What to produce:
Which lines of the entries below include "imports"? List them all.

[Saved data entries]

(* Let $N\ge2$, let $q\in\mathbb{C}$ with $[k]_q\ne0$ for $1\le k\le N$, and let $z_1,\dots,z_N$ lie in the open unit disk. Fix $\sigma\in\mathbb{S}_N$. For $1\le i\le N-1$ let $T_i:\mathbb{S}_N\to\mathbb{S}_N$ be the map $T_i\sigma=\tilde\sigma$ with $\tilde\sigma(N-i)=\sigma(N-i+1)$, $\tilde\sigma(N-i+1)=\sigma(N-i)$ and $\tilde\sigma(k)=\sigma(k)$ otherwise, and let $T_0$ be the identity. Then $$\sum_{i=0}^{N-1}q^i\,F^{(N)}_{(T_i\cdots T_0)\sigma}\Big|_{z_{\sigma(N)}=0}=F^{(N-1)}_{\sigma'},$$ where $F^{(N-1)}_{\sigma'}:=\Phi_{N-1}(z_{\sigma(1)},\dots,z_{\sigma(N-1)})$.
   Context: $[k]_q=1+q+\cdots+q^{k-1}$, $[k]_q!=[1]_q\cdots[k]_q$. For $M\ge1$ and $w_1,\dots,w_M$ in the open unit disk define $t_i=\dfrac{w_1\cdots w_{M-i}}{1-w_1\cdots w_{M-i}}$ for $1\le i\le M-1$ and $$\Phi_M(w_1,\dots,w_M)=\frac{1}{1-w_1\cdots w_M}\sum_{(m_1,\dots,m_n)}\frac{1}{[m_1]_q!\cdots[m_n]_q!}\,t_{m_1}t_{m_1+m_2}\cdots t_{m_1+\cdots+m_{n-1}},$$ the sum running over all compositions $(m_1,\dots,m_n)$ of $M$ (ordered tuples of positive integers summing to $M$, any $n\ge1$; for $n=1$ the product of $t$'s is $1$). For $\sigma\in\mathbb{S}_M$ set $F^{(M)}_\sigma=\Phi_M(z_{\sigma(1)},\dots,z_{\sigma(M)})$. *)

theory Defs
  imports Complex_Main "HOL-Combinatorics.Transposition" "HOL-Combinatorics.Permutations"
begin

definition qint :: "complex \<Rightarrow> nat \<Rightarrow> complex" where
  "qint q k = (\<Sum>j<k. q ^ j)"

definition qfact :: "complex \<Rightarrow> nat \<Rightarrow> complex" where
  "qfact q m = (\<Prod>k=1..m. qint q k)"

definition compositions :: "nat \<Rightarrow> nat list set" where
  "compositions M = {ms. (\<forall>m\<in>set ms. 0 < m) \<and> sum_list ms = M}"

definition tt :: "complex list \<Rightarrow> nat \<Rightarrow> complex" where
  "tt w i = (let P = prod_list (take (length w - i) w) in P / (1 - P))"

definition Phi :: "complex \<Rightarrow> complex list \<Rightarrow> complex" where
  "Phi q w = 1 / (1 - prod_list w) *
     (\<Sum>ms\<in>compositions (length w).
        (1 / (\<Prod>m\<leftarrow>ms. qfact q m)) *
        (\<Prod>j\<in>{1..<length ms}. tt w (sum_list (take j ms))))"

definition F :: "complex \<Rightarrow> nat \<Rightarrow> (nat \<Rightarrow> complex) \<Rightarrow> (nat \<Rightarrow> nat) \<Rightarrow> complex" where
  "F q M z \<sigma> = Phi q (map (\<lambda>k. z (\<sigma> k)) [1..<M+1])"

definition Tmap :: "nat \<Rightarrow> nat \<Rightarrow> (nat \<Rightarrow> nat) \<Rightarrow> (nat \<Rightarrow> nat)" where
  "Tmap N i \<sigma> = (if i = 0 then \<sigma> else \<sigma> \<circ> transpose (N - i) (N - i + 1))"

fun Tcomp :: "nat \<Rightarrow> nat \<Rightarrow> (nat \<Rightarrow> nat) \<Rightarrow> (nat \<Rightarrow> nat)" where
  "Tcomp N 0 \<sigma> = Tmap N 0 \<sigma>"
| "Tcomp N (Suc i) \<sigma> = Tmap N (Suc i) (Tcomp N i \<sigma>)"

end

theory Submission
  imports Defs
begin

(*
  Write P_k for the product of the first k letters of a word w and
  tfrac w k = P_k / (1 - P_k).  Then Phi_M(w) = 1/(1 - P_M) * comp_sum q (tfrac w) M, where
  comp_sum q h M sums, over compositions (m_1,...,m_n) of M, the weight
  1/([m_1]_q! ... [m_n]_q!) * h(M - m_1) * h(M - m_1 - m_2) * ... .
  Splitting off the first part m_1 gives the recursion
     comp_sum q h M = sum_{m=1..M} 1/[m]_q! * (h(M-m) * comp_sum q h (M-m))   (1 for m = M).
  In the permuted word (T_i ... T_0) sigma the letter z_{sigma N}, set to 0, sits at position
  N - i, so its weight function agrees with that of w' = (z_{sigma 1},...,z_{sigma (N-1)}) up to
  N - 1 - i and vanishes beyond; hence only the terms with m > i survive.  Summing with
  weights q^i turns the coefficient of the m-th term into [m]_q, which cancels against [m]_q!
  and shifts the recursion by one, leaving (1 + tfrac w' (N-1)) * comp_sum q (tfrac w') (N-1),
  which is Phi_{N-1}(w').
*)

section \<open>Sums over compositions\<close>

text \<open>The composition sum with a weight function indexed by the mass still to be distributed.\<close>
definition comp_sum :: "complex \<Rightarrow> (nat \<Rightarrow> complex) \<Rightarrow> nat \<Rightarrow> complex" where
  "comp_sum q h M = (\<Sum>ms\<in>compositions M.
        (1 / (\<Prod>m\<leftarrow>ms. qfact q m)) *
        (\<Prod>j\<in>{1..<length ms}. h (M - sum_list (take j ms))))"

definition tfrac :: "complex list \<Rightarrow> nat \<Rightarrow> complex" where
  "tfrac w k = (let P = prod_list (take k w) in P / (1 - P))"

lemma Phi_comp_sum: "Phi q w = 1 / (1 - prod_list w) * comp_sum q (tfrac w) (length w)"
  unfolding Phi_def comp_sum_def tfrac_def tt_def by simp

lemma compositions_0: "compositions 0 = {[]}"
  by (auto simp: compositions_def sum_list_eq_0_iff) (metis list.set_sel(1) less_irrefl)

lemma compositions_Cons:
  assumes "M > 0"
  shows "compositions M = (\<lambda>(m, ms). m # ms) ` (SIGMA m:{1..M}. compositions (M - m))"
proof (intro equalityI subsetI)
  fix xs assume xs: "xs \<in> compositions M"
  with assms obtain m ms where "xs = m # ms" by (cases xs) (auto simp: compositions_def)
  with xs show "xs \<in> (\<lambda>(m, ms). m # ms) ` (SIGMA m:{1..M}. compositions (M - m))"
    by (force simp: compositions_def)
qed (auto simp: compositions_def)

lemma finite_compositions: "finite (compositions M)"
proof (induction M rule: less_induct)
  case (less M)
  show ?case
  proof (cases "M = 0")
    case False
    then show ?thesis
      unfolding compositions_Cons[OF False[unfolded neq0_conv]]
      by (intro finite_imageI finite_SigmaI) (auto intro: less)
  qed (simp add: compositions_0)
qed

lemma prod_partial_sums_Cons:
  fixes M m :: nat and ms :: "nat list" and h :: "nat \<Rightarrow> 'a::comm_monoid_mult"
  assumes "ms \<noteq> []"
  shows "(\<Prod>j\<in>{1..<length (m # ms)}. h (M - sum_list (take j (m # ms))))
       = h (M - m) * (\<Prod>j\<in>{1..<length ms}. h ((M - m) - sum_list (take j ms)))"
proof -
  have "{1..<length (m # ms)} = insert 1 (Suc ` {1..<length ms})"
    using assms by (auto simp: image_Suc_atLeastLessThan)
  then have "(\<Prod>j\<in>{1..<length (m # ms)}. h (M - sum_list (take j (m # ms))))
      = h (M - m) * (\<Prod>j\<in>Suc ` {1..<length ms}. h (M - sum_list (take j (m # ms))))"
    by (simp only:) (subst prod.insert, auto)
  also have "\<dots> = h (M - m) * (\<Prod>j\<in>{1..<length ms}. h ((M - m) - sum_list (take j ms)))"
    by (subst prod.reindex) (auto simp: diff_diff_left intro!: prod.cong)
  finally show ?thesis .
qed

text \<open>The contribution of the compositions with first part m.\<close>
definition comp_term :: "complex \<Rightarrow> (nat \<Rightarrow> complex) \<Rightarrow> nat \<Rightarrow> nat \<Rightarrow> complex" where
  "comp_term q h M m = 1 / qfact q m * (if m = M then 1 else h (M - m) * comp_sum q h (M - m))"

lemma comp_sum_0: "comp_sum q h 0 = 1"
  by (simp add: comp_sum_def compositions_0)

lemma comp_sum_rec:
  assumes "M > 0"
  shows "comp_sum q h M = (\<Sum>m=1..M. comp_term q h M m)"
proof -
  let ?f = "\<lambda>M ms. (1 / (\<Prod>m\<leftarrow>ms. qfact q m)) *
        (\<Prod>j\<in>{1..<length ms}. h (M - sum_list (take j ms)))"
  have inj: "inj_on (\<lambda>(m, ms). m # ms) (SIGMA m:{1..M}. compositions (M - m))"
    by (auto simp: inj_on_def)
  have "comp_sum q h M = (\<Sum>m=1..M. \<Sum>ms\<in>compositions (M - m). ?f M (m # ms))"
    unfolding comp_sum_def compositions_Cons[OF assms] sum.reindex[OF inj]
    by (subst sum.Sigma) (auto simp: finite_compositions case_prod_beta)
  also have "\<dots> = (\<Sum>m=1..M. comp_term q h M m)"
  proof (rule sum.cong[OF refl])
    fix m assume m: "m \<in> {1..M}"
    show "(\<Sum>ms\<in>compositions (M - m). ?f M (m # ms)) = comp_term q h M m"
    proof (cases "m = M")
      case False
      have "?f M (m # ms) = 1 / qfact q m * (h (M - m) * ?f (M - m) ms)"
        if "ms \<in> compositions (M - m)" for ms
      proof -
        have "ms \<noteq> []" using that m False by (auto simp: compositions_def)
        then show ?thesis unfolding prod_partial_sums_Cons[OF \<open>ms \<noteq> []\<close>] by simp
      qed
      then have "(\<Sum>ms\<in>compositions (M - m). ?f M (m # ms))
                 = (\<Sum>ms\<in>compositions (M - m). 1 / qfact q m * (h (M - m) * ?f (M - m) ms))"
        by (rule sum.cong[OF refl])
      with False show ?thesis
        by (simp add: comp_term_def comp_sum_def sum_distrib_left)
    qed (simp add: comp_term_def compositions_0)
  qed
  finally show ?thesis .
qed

---

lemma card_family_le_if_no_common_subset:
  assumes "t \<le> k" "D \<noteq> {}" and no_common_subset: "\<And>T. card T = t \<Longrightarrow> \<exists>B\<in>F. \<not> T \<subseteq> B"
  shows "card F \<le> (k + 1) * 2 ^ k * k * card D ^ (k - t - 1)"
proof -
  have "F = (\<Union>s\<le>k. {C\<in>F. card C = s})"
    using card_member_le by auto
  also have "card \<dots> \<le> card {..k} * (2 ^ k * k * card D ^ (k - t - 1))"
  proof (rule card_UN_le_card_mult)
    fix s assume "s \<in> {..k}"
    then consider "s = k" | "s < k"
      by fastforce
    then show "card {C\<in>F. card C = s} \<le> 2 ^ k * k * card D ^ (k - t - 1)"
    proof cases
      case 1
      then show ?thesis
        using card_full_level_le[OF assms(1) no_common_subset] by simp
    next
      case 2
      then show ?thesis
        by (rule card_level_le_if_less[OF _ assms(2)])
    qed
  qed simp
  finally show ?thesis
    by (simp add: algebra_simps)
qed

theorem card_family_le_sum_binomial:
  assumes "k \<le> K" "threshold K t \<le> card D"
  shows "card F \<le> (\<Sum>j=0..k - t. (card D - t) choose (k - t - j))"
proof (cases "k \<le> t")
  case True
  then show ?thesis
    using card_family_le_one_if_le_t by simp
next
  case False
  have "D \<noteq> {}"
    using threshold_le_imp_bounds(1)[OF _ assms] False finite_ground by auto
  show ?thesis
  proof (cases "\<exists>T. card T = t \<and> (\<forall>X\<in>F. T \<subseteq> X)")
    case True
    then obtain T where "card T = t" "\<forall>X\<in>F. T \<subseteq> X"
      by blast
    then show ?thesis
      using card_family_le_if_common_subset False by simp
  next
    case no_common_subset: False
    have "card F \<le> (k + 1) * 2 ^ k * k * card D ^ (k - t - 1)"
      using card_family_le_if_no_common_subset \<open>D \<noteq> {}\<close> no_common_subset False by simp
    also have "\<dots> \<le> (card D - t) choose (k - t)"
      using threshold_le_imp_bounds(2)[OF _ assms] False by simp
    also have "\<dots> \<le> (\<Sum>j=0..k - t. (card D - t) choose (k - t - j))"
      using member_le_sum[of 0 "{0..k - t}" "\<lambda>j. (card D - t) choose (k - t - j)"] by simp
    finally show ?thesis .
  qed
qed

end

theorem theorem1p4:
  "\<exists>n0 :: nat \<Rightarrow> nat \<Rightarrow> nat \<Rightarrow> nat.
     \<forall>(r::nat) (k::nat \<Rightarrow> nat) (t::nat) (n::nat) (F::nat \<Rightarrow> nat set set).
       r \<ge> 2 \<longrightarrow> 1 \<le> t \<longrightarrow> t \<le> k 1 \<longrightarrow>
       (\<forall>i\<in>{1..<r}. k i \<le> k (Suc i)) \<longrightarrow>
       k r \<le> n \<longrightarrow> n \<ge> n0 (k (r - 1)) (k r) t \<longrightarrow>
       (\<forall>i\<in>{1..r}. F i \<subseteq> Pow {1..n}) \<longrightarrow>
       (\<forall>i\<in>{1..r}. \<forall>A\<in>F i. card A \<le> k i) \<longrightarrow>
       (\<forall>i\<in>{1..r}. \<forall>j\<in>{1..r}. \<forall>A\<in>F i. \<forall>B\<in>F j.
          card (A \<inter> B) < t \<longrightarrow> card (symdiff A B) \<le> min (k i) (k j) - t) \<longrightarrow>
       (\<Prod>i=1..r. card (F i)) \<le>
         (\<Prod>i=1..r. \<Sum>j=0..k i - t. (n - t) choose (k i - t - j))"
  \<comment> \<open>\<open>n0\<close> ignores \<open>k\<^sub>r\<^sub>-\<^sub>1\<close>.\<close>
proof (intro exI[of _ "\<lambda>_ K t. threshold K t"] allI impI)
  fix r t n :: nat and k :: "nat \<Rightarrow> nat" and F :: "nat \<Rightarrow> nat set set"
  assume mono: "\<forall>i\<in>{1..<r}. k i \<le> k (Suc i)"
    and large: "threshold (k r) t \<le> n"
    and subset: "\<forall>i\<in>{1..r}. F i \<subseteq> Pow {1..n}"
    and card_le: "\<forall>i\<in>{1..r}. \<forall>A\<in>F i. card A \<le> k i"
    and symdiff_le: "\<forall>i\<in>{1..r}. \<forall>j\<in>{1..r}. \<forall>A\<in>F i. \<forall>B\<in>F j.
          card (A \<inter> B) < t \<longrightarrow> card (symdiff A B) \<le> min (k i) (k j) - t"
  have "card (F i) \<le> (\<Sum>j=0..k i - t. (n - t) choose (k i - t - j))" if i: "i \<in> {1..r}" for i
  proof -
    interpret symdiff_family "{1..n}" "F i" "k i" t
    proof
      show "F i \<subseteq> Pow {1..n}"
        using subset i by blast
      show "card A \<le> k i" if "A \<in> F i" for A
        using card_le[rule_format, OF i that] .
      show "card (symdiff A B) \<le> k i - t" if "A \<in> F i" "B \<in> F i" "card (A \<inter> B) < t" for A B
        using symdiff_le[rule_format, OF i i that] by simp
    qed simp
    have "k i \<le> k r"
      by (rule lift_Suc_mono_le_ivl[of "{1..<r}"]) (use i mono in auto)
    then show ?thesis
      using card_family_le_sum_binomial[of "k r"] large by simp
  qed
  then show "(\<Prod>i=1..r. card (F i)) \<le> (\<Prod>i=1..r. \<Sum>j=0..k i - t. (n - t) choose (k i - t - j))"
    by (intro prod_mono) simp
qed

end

Exercise answer:
  imports Complex_Main "HOL-Combinatorics.Transposition" "HOL-Combinatorics.Permutations"
  imports Defs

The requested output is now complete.